During the experiments Kuchibhotla said he became “a little bit of a mouse psychologist” to interpret their behavior. Like working with a nonverbal infant, he and Zhu had to infer the underlying mental processes from the behavior alone.

“That’s what was really fun in this project, trying to figure out what the mouse is thinking,” he said. “You have to think about it from the perspective of the animal.”

Next the team hopes to determine the neural basis for strategic thinking, and how those strategies might compare across different animals.

About this animal cognition research news

Author: Jill Rosen
Source: Johns Hopkins University
Contact: Jill Rosen – Johns Hopkins University
Image: The image is credited to Neuroscience News

Original Research: Closed access.
Performance errors during rodent learning reflect a dynamic choice strategy” by Kishore Kuchibhotla et al. Current Biology


Abstract

Performance errors during rodent learning reflect a dynamic choice strategy

Highlights

  • Errors while learning a two-choice task are dominated by intentional strategies
  • Strategies manifest as a dynamic choice bias, testing one option or another in bouts
  • Mice exhibit sensitivity to violations of expected reward during biased epochs
  • Violating expectations leads to an abrupt shift in strategy

Summary

Humans, even as infants, use cognitive strategies, such as exploration and hypothesis testing, to learn about causal interactions in the environment. In animal learning studies, however, it is challenging to disentangle higher-order behavioral strategies from errors arising from imperfect task knowledge or inherent biases.
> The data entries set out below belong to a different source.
lemma minimizers_same_linear_image:
  fixes L :: "'a::real_inner \<Rightarrow> 'b::real_inner"
  assumes sc: "strongly_convex_grad g gradg \<sigma>" and "linear L" and "convex S"
    and "x1 \<in> S" "x2 \<in> S"
    and min1: "\<forall>y\<in>S. g (L x1) + inner c x1 \<le> g (L y) + inner c y"
    and min2: "\<forall>y\<in>S. g (L x2) + inner c x2 \<le> g (L y) + inner c y"
  shows "L x1 = L x2"
proof -
  let ?F = "\<lambda>x. g (L x) + inner c x" and ?m = "midpoint x1 x2"
  have "?m \<in> S"
    using assms(3-5) by (meson convex_contains_segment midpoint_in_closed_segment subsetD)
  have "L ?m = midpoint (L x1) (L x2)"
    using \<open>linear L\<close> by (simp add: midpoint_linear_image)
  moreover have "inner c ?m = (inner c x1 + inner c x2) / 2"
    by (simp add: midpoint_def inner_add_right)
  ultimately have "?F ?m + \<sigma> / 8 * (norm (L x1 - L x2))\<^sup>2 \<le> (?F x1 + ?F x2) / 2"
    using strongly_convex_grad_midpoint[OF sc, of "L x1" "L x2"] by simp
  moreover have "?F x1 \<le> ?F ?m" "?F x2 \<le> ?F x1" "?F x1 \<le> ?F x2"
    using min1 min2 \<open>?m \<in> S\<close> \<open>x1 \<in> S\<close> \<open>x2 \<in> S\<close> by auto
  ultimately have "\<sigma> / 8 * (norm (L x1 - L x2))\<^sup>2 \<le> 0" by argo
  then show ?thesis
    using strongly_convex_gradD(1)[OF sc] by (simp add: mult_le_0_iff)
qed

lemma minimizers_affine_comp_eq:
  fixes L :: "'a::real_inner \<Rightarrow> 'b::real_inner"
  assumes sc: "strongly_convex_grad g gradg \<sigma>" and "linear L" and "convex S" and "x0 \<in> S"
    and min0: "\<forall>y\<in>S. g (L x0) + inner c x0 \<le> g (L y) + inner c y"
  shows "{x \<in> S. \<forall>y\<in>S. g (L x) + inner c x \<le> g (L y) + inner c y}
    = {x \<in> S. L x = L x0 \<and> inner c x = inner c x0}"
proof (intro set_eqI iffI)
  fix x assume x: "x \<in> {x \<in> S. \<forall>y\<in>S. g (L x) + inner c x \<le> g (L y) + inner c y}"
  then have "L x = L x0"
    using minimizers_same_linear_image[OF sc \<open>linear L\<close> \<open>convex S\<close> _ \<open>x0 \<in> S\<close> _ min0] by blast
  moreover have "g (L x) + inner c x = g (L x0) + inner c x0"
    using x min0 \<open>x0 \<in> S\<close> by (simp add: order_antisym)
  ultimately show "x \<in> {x \<in> S. L x = L x0 \<and> inner c x = inner c x0}" using x by simp
qed (use min0 in auto)

lemma convex_minimizer_derivative_nonneg:
  fixes F :: "'a::real_normed_vector \<Rightarrow> real"
  assumes deriv: "(F has_derivative F') (at x)" and "convex S" "x \<in> S" "y \<in> S"
    and min: "\<forall>z\<in>S. F x \<le> F z"
  shows "0 \<le> F' (y - x)"
proof (rule ccontr)
  assume "\<not> 0 \<le> F' (y - x)"
  let ?\<phi> = "\<lambda>t. F (x + t *\<^sub>R (y - x))"
  have "((\<lambda>t. x + t *\<^sub>R (y - x)) has_derivative (\<lambda>t. t *\<^sub>R (y - x))) (at 0)"
    by (intro derivative_eq_intros) auto
  from diff_chain_at[OF this, of F F'] deriv
  have "(?\<phi> has_derivative (\<lambda>t. F' (t *\<^sub>R (y - x)))) (at 0)"
    by (simp add: o_def)
  then have "(?\<phi> has_derivative (\<lambda>t. F' (y - x) * t)) (at 0)"
    using linear_scale[OF has_derivative_linear[OF deriv]] by (simp add: mult.commute)
  then have "(?\<phi> has_real_derivative F' (y - x)) (at 0)"
    by (simp add: has_field_derivative_def)
  from DERIV_neg_dec_right[OF this] \<open>\<not> 0 \<le> F' (y - x)\<close>
  obtain \<delta> where "0 < \<delta>" and dec: "\<forall>h>0. h < \<delta> \<longrightarrow> ?\<phi> (0 + h) < ?\<phi> 0"
    by auto
  define h where "h = min (\<delta> / 2) 1"
  have "0 < h" "h < \<delta>" "h \<le> 1" using \<open>0 < \<delta>\<close> by (auto simp: h_def)
  have "x + h *\<^sub>R (y - x) = (1 - h) *\<^sub>R x + h *\<^sub>R y" by (simp add: algebra_simps)
  then have "x + h *\<^sub>R (y - x) \<in> S"
    using convexD_alt[OF \<open>convex S\<close> \<open>x \<in> S\<close> \<open>y \<in> S\<close> less_imp_le[OF \<open>0 < h\<close>] \<open>h \<le> 1\<close>]
    by simp
  then have "?\<phi> 0 \<le> ?\<phi> (0 + h)" using min by simp
  moreover have "?\<phi> (0 + h) < ?\<phi> 0" using dec \<open>0 < h\<close> \<open>h < \<delta>\<close> by blast
  ultimately show False by linarith
qed

lemma has_derivative_affine_comp:
  assumes "is_gradient g gradg" and "bounded_linear L"
  shows "((\<lambda>x. g (L x) + inner c x) has_derivative
    (\<lambda>h. inner (gradg (L x)) (L h) + inner c h)) (at x)"
proof -
  have "(g has_derivative inner (gradg (L x))) (at (L x))"
    using assms(1) unfolding is_gradient_def by blast
  with bounded_linear_imp_has_derivative[OF assms(2)]
  have "((\<lambda>x. g (L x)) has_derivative (\<lambda>h. inner (gradg (L x)) (L h))) (at x)"
    using diff_chain_at by (fastforce simp: o_def)
  then show ?thesis by (auto intro!: derivative_eq_intros)
qed

text \<open>In the application \<open>\<delta>\<close> is the optimality gap, \<open>r = \<parallel>A x - t\<^sup>*\<parallel>\<close>,
  \<open>a = \<langle>\<nabla>g(t\<^sup>*), A x - t\<^sup>*\<rangle>\<close>, \<open>e = c\<^sup>T x - s\<^sup>*\<close> and \<open>D\<close> the distance to the optimal set.\<close>

lemma quadratic_growth_inequality:
  fixes \<sigma> \<theta> M \<delta> r a e cg D :: real
  assumes "0 < \<sigma>" "\<delta> \<le> M" and cs: "\<bar>a\<bar> \<le> cg * r"
    and growth: "a + e + \<sigma> / 2 * r\<^sup>2 \<le> \<delta>" and first_order: "0 \<le> a + e"
    and "0 \<le> D" and error_bound: "D \<le> \<theta> * sqrt (r\<^sup>2 + e\<^sup>2)"
  shows "\<sigma> / (\<theta>\<^sup>2 * (1 + M * \<sigma> + 2 * cg\<^sup>2)) / 2 * D\<^sup>2 \<le> \<delta>"
proof -
  define K where "K = 1 + M * \<sigma> + 2 * cg\<^sup>2"
  have "0 \<le> \<sigma> / 2 * r\<^sup>2" using \<open>0 < \<sigma>\<close> by simp
  have r_sq: "\<sigma> / 2 * r\<^sup>2 \<le> \<delta>" using growth first_order by linarith
  have "0 \<le> \<delta>" using r_sq \<open>0 \<le> \<sigma> / 2 * r\<^sup>2\<close> by linarith
  have e_sq: "e\<^sup>2 \<le> 2 * \<delta>\<^sup>2 + 2 * (cg * r)\<^sup>2"
  proof -
    have "\<bar>e\<bar> \<le> \<bar>\<delta> + cg * r\<bar>"
      using cs growth first_order \<open>0 \<le> \<sigma> / 2 * r\<^sup>2\<close> abs_ge_minus_self[of a] \<open>0 \<le> \<delta>\<close>
      by linarith
    then have "e\<^sup>2 \<le> (\<delta> + cg * r)\<^sup>2" by (simp add: abs_le_square_iff)
    moreover have "(\<delta> + cg * r)\<^sup>2 + (\<delta> - cg * r)\<^sup>2 = 2 * \<delta>\<^sup>2 + 2 * (cg * r)\<^sup>2"
      by (simp add: power2_sum power2_diff)
    ultimately show ?thesis using zero_le_power2[of "\<delta> - cg * r"] by linarith
  qed
  have "\<delta>\<^sup>2 \<le> M * \<delta>" using \<open>0 \<le> \<delta>\<close> \<open>\<delta> \<le> M\<close> by (simp add: power2_eq_square mult_right_mono)
  have "r\<^sup>2 * (1 + 2 * cg\<^sup>2) \<le> 2 * \<delta> / \<sigma> * (1 + 2 * cg\<^sup>2)"
    using r_sq \<open>0 < \<sigma>\<close> by (intro mult_right_mono) (simp_all add: field_simps)
  have residual: "r\<^sup>2 + e\<^sup>2 \<le> 2 * \<delta> / \<sigma> * K"
  proof -
    have "r\<^sup>2 + e\<^sup>2 \<le> r\<^sup>2 * (1 + 2 * cg\<^sup>2) + 2 * (M * \<delta>)"
      using e_sq \<open>\<delta>\<^sup>2 \<le> M * \<delta>\<close> by (simp add: algebra_simps)
    also have "\<dots> \<le> 2 * \<delta> / \<sigma> * (1 + 2 * cg\<^sup>2) + 2 * (M * \<delta>)"
      using \<open>r\<^sup>2 * (1 + 2 * cg\<^sup>2) \<le> 2 * \<delta> / \<sigma> * (1 + 2 * cg\<^sup>2)\<close> by simp
    also have "\<dots> = 2 * \<delta> / \<sigma> * K" using \<open>0 < \<sigma>\<close> by (simp add: K_def field_simps)
    finally show ?thesis .
  qed
  have "D\<^sup>2 \<le> \<theta>\<^sup>2 * (r\<^sup>2 + e\<^sup>2)"
    using power_mono[OF error_bound \<open>0 \<le> D\<close>, of 2] by (simp add: power_mult_distrib)
  also have "\<dots> \<le> \<theta>\<^sup>2 * (2 * \<delta> / \<sigma> * K)" using residual by (intro mult_left_mono) simp_all
  finally have D_sq: "D\<^sup>2 \<le> \<theta>\<^sup>2 * (2 * \<delta> / \<sigma> * K)" .
  show ?thesis
  proof (cases "\<theta> = 0")
    case False
    have "0 < K" using \<open>0 \<le> \<delta>\<close> \<open>\<delta> \<le> M\<close> \<open>0 < \<sigma>\<close> unfolding K_def
      by (simp add: add_pos_nonneg)
    have "\<sigma> / (\<theta>\<^sup>2 * K) / 2 * D\<^sup>2 \<le> \<sigma> / (\<theta>\<^sup>2 * K) / 2 * (\<theta>\<^sup>2 * (2 * \<delta> / \<sigma> * K))"
      using D_sq \<open>0 < \<sigma>\<close> \<open>0 < K\<close> by (intro mult_left_mono) auto
    also have "\<dots> = \<delta>" using \<open>0 < \<sigma>\<close> \<open>0 < K\<close> False by (simp add: field_simps)
    finally show ?thesis unfolding K_def .
  qed (simp add: \<open>0 \<le> \<delta>\<close>)
qed

lemma quadratic_growth_from_error_bound:
  fixes L :: "'a::real_inner \<Rightarrow> 'b::real_inner"
  assumes sc: "strongly_convex_grad g gradg \<sigma>" and grad: "is_gradient g gradg"
    and "bounded_linear L" and "convex S" and "xb \<in> S" "x \<in> S"
    and min: "\<forall>y\<in>S. g (L xb) + inner c xb \<le> g (L y) + inner c y"
    and gap: "g (L x) + inner c x - (g (L xb) + inner c xb) \<le> M"
    and error_bound:
      "norm (x - xb) \<le> \<theta> * sqrt ((norm (L x - L xb))\<^sup>2 + (inner c x - inner c xb)\<^sup>2)"
  shows "\<sigma> / (\<theta>\<^sup>2 * (1 + M * \<sigma> + 2 * (norm (gradg (L xb)))\<^sup>2)) / 2 * (norm (x - xb))\<^sup>2
    \<le> g (L x) + inner c x - (g (L xb) + inner c xb)"
proof -
  let ?u = "L x - L xb" and ?e = "inner c x - inner c xb" and ?a = "inner (gradg (L xb)) (L x - L xb)"
  have "0 \<le> inner (gradg (L xb)) (L (x - xb)) + inner c (x - xb)"
    using convex_minimizer_derivative_nonneg[OF has_derivative_affine_comp[OF grad \<open>bounded_linear L\<close>]
        \<open>convex S\<close> \<open>xb \<in> S\<close> \<open>x \<in> S\<close>] min by blast
  then have first_order: "0 \<le> ?a + ?e"
    using \<open>bounded_linear L\<close> by (simp add: linear_diff bounded_linear.linear inner_diff_right)
  have growth: "?a + ?e + \<sigma> / 2 * (norm ?u)\<^sup>2 \<le> g (L x) + inner c x - (g (L xb) + inner c xb)"
    using strongly_convex_gradD(2)[OF sc, of "L xb" "L x"] by simp
  show ?thesis
    using quadratic_growth_inequality[OF strongly_convex_gradD(1)[OF sc] gap
        Cauchy_Schwarz_ineq2 growth first_order _ error_bound] by simp
qed

lemma polyhedron_eq_INT:
  fixes C :: "real ^ 'n ^ 'p"
  shows "{x. \<forall>i. (C *v x) $ i \<le> d $ i} = (\<Inter>i. {x. inner (C $ i) x \<le> d $ i})"
  by (auto simp: matrix_vector_mul_component)

lemma convex_polyhedron:
  fixes C :: "real ^ 'n ^ 'p"
  shows "convex {x. \<forall>i. (C *v x) $ i \<le> d $ i}"
  unfolding polyhedron_eq_INT by (intro convex_INT convex_halfspace_le)

lemma closed_polyhedron:
  fixes C :: "real ^ 'n ^ 'p"
  shows "closed {x. \<forall>i. (C *v x) $ i \<le> d $ i}"
  unfolding polyhedron_eq_INT by (simp add: closed_INT closed_halfspace_le)

lemma closed_polyhedron_slice:
  fixes A :: "real ^ 'n ^ 'm" and C :: "real ^ 'n ^ 'p"
  shows "closed {x. A *v x = t \<and> inner c x = s \<and> (\<forall>i. (C *v x) $ i \<le> d $ i)}"
proof -
  have "closed {x. A *v x = t}"
    by (intro closed_Collect_eq[OF linear_continuous_on continuous_on_const]) simp
  then have "closed ({x. A *v x = t} \<inter> {x. inner c x = s} \<inter> {x. \<forall>i. (C *v x) $ i \<le> d $ i})"
    by (intro closed_Int closed_hyperplane closed_polyhedron)
  then show ?thesis by (simp add: Collect_conj_eq Int_assoc)
qed

lemma mat_norm_nonneg: "0 \<le> mat_norm A"
  unfolding mat_norm_def by (intro onorm_pos_le) simp

lemma norm_mat_mult_le: "norm (A *v x) \<le> mat_norm A * norm x"
  unfolding mat_norm_def by (intro onorm) simp

lemma norm_transpose_mult_le: "norm (transpose A *v v) \<le> mat_norm A * norm v"
proof (cases "transpose A *v v = 0")
  case False
  let ?w = "transpose A *v v"
  have "norm ?w * norm ?w = inner v (A *v ?w)"
    unfolding power2_eq_square[symmetric] power2_norm_eq_inner transpose_matrix_vector
    by (rule dot_lmul_matrix)
  also have "\<dots> \<le> norm v * norm (A *v ?w)"
    by (rule norm_cauchy_schwarz)
  also have "\<dots> \<le> norm v * (mat_norm A * norm ?w)"
    by (rule mult_left_mono[OF norm_mat_mult_le]) simp
  finally have "norm ?w * norm ?w \<le> (mat_norm A * norm v) * norm ?w"
    by (simp only: ac_simps)
  then show ?thesis
    by (rule mult_right_le_imp_le) (use False in simp)
qed (simp add: mat_norm_nonneg)

lemma lipschitz_constant_nonneg:
  fixes F :: "'a::real_normed_vector \<Rightarrow> 'b::real_normed_vector" and x y :: 'a
  assumes "\<forall>z w. norm (F z - F w) \<le> L * norm (z - w)" and "x \<noteq> y"
  shows "0 \<le> L"
proof -
  have "0 \<le> L * norm (x - y)"
    using assms(1) norm_ge_zero order_trans by blast
  then show ?thesis using \<open>x \<noteq> y\<close> by (auto simp: zero_le_mult_iff)
qed

lemma is_gradient_affine_comp:
  fixes A :: "real ^ 'n ^ 'm"
  assumes "is_gradient g gradg"
  shows "is_gradient (\<lambda>x. g (A *v x) + inner c x) (\<lambda>x. transpose A *v gradg (A *v x) + c)"
  unfolding is_gradient_def
proof
  fix x
  show "((\<lambda>x. g (A *v x) + inner c x) has_derivative
      inner (transpose A *v gradg (A *v x) + c)) (at x)"
  proof -
    have "(\<lambda>h. inner (gradg (A *v x)) (A *v h) + inner c h)
        = inner (transpose A *v gradg (A *v x) + c)"
      by (rule ext) (simp add: inner_add_left dot_lmul_matrix)
    then show ?thesis
      using has_derivative_affine_comp[OF assms matrix_vector_mul_bounded_linear, of A c x] by simp
  qed
qed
Here, we trained head-fixed mice on a wheel-based auditory two-choice task and exploited the intra- and inter-animal variability to understand the drivers of errors during learning. During learning, performance errors are dominated by a choice bias, which, despite appearing maladaptive, reflects a dynamic strategy.

Early in learning, mice develop an internal model of the task contingencies such that violating their expectation of reward on correct trials (by using short blocks of non-rewarded “probe” trials) leads to an abrupt shift in strategy.

During the probe block, mice behave more accurately with less bias, thereby using their learned stimulus-action knowledge to test whether the outcome contingencies have changed. Despite having this knowledge, mice continued to exhibit a strong choice bias during reinforced trials.

This choice bias operates on a timescale of tens to hundreds of trials with a dynamic structure, shifting between left, right, and unbiased epochs. Biased epochs also coincided with faster motor kinematics.

Although bias decreased across learning, expert mice continued to exhibit short bouts of biased choices interspersed with longer bouts of unbiased choices and higher performance.

These findings collectively suggest that during learning, rodents actively probe their environment in a structured manner to refine their decision-making and maintain long-term flexibility.